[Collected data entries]
────────────────────

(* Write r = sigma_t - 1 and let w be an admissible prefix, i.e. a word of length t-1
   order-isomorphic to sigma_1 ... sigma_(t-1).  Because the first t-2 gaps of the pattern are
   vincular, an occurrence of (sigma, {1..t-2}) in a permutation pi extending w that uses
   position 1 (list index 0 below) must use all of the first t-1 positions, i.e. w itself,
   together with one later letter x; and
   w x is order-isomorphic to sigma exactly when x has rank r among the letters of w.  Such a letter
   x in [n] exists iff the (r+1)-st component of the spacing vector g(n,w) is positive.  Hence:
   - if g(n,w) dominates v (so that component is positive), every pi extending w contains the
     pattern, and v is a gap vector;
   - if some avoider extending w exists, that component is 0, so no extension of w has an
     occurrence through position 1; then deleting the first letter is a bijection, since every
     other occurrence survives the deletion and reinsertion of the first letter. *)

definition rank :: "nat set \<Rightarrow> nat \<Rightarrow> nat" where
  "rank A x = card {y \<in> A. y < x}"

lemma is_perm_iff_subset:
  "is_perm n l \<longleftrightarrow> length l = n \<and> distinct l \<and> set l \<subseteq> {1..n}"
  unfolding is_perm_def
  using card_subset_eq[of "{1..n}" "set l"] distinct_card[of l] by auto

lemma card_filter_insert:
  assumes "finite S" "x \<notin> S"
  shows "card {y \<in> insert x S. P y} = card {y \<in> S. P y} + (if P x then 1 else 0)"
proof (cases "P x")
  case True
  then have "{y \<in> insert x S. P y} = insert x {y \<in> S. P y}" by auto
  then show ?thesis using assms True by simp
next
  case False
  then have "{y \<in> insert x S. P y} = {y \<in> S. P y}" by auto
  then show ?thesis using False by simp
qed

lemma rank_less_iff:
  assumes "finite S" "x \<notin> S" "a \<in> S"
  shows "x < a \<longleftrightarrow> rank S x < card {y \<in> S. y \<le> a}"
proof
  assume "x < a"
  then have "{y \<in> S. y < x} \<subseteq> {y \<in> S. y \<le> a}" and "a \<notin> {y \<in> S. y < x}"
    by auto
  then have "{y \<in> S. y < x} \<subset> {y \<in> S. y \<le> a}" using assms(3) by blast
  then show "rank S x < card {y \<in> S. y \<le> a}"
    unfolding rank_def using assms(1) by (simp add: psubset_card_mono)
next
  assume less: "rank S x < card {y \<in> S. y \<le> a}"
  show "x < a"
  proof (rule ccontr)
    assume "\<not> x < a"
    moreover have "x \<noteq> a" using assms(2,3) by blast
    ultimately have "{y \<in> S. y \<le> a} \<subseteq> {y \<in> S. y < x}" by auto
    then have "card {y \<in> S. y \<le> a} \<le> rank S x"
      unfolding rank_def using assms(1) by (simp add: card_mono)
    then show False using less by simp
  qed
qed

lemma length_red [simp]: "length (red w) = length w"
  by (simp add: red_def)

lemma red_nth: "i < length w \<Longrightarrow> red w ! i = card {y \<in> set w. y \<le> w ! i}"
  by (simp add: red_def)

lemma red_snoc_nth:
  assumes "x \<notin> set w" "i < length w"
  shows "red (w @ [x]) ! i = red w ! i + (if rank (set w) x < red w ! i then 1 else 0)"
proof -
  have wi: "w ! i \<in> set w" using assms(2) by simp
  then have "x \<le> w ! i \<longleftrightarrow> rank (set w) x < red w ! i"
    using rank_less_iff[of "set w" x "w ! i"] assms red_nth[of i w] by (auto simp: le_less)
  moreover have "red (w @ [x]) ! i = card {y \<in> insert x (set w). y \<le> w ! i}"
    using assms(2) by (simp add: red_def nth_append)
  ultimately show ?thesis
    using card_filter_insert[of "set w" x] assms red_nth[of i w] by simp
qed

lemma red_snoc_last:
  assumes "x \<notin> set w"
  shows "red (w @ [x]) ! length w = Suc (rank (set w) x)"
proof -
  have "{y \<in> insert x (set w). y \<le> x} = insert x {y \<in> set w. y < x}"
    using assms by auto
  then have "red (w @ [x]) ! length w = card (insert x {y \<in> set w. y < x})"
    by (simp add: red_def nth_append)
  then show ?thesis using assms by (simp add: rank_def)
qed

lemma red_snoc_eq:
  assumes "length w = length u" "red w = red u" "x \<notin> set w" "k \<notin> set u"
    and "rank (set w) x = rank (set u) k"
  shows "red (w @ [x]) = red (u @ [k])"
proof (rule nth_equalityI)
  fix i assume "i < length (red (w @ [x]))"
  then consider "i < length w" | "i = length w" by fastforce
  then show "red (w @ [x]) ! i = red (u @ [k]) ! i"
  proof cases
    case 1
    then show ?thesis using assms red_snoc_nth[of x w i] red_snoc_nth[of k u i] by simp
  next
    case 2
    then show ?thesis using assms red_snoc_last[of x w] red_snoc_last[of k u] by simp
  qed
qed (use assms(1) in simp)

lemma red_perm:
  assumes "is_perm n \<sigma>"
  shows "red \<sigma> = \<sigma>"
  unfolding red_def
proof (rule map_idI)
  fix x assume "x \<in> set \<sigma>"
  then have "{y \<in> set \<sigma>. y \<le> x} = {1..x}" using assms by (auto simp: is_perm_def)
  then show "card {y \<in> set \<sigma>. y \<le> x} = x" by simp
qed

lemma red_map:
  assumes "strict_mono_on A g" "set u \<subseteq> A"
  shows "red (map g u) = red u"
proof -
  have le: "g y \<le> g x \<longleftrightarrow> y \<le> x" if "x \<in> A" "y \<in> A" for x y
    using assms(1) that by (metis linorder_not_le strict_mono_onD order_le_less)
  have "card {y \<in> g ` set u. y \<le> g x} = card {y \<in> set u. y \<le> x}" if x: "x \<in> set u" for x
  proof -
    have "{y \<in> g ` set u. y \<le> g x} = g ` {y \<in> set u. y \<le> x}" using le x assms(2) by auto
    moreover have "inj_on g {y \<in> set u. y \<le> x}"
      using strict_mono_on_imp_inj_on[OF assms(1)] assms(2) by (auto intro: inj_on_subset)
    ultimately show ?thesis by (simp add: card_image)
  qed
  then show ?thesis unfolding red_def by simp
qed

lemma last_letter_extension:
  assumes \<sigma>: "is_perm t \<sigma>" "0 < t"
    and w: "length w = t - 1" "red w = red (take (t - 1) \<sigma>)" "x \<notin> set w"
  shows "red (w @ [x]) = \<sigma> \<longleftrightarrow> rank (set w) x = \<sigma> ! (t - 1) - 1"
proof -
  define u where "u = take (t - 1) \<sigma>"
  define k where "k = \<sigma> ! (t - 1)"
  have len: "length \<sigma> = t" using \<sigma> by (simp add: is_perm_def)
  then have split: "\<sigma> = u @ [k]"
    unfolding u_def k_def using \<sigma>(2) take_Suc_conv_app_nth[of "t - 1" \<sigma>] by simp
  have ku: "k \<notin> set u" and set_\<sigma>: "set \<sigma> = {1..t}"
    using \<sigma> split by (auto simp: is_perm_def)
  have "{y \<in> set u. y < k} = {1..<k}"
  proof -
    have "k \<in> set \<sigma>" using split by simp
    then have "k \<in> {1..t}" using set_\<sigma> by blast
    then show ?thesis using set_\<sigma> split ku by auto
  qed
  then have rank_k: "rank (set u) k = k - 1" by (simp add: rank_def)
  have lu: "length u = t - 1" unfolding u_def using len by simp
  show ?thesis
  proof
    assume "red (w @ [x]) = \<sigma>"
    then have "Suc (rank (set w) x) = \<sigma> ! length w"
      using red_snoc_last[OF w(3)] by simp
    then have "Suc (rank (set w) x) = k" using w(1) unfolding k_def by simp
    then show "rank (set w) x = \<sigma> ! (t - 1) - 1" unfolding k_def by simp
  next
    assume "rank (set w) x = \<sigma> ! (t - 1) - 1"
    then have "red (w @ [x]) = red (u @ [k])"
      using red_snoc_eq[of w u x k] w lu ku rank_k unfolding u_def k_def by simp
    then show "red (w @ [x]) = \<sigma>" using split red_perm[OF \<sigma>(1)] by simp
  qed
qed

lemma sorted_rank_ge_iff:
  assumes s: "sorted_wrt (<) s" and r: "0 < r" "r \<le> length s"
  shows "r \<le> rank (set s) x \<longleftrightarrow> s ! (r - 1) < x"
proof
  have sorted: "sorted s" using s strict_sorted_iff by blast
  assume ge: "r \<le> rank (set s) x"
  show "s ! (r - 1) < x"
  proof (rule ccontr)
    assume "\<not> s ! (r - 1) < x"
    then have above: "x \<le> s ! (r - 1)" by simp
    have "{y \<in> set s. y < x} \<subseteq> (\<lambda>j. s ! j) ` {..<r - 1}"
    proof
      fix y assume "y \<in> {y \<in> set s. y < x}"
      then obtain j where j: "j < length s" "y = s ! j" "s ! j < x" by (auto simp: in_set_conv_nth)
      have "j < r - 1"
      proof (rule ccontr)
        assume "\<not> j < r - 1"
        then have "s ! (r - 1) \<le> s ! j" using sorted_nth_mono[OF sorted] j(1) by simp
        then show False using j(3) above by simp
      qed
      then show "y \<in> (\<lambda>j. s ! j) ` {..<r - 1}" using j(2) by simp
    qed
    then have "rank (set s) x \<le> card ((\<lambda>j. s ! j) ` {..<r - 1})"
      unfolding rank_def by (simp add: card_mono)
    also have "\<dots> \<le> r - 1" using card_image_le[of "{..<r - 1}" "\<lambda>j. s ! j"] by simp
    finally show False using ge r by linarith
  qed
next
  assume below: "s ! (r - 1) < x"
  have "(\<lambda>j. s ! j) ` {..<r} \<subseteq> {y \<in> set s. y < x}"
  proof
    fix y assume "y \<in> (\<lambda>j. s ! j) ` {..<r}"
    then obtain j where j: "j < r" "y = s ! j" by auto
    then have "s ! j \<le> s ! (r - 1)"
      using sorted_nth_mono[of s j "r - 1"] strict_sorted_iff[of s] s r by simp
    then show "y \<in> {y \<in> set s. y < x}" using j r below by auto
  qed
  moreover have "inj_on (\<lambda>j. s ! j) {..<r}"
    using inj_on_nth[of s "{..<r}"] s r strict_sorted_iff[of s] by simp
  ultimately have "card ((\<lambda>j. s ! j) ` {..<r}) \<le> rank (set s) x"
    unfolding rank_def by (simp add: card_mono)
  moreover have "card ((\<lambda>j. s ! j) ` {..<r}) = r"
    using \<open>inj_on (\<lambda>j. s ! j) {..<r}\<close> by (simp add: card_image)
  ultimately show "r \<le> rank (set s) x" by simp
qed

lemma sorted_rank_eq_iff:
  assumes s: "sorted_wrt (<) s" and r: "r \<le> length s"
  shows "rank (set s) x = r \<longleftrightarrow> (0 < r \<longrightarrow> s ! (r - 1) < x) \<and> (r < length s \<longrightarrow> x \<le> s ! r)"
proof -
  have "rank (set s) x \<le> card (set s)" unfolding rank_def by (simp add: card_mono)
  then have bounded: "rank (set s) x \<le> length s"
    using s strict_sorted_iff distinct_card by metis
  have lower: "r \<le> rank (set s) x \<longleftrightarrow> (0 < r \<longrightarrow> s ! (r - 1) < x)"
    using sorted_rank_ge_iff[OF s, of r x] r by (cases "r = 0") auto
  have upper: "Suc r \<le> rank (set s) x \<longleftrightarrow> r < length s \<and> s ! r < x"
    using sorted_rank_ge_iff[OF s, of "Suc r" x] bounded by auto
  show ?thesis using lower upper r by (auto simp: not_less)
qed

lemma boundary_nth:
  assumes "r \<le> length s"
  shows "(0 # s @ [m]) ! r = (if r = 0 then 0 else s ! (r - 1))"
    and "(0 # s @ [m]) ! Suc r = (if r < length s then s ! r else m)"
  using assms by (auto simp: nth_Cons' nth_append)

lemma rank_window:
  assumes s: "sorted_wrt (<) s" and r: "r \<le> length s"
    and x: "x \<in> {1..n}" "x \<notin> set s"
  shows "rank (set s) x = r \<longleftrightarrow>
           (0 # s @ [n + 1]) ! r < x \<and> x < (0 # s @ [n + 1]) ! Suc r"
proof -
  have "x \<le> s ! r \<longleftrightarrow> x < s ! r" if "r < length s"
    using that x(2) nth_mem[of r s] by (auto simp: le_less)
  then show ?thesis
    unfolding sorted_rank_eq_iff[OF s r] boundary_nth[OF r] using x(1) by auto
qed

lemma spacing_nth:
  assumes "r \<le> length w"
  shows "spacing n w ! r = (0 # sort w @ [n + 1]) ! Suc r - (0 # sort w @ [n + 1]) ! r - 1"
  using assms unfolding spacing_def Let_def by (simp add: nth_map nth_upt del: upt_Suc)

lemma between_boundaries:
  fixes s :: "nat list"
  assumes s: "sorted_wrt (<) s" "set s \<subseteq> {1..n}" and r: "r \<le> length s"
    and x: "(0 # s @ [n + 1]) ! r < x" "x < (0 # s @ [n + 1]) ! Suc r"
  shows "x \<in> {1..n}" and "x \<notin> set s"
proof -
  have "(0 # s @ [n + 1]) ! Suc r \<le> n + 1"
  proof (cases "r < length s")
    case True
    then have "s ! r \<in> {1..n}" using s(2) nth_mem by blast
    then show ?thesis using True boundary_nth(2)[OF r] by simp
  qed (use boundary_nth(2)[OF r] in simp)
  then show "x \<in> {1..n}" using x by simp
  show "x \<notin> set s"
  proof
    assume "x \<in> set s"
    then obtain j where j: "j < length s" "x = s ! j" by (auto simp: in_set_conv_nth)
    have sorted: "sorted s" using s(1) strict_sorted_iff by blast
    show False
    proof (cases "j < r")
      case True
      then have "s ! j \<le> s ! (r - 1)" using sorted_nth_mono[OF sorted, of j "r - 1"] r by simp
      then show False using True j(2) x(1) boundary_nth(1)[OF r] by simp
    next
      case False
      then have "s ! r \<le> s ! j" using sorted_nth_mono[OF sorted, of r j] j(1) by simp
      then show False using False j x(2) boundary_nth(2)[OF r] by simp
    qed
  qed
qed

────────────────────

Based on the entries above, please count how many lines contain the string "finite", and reply with the figure only.

2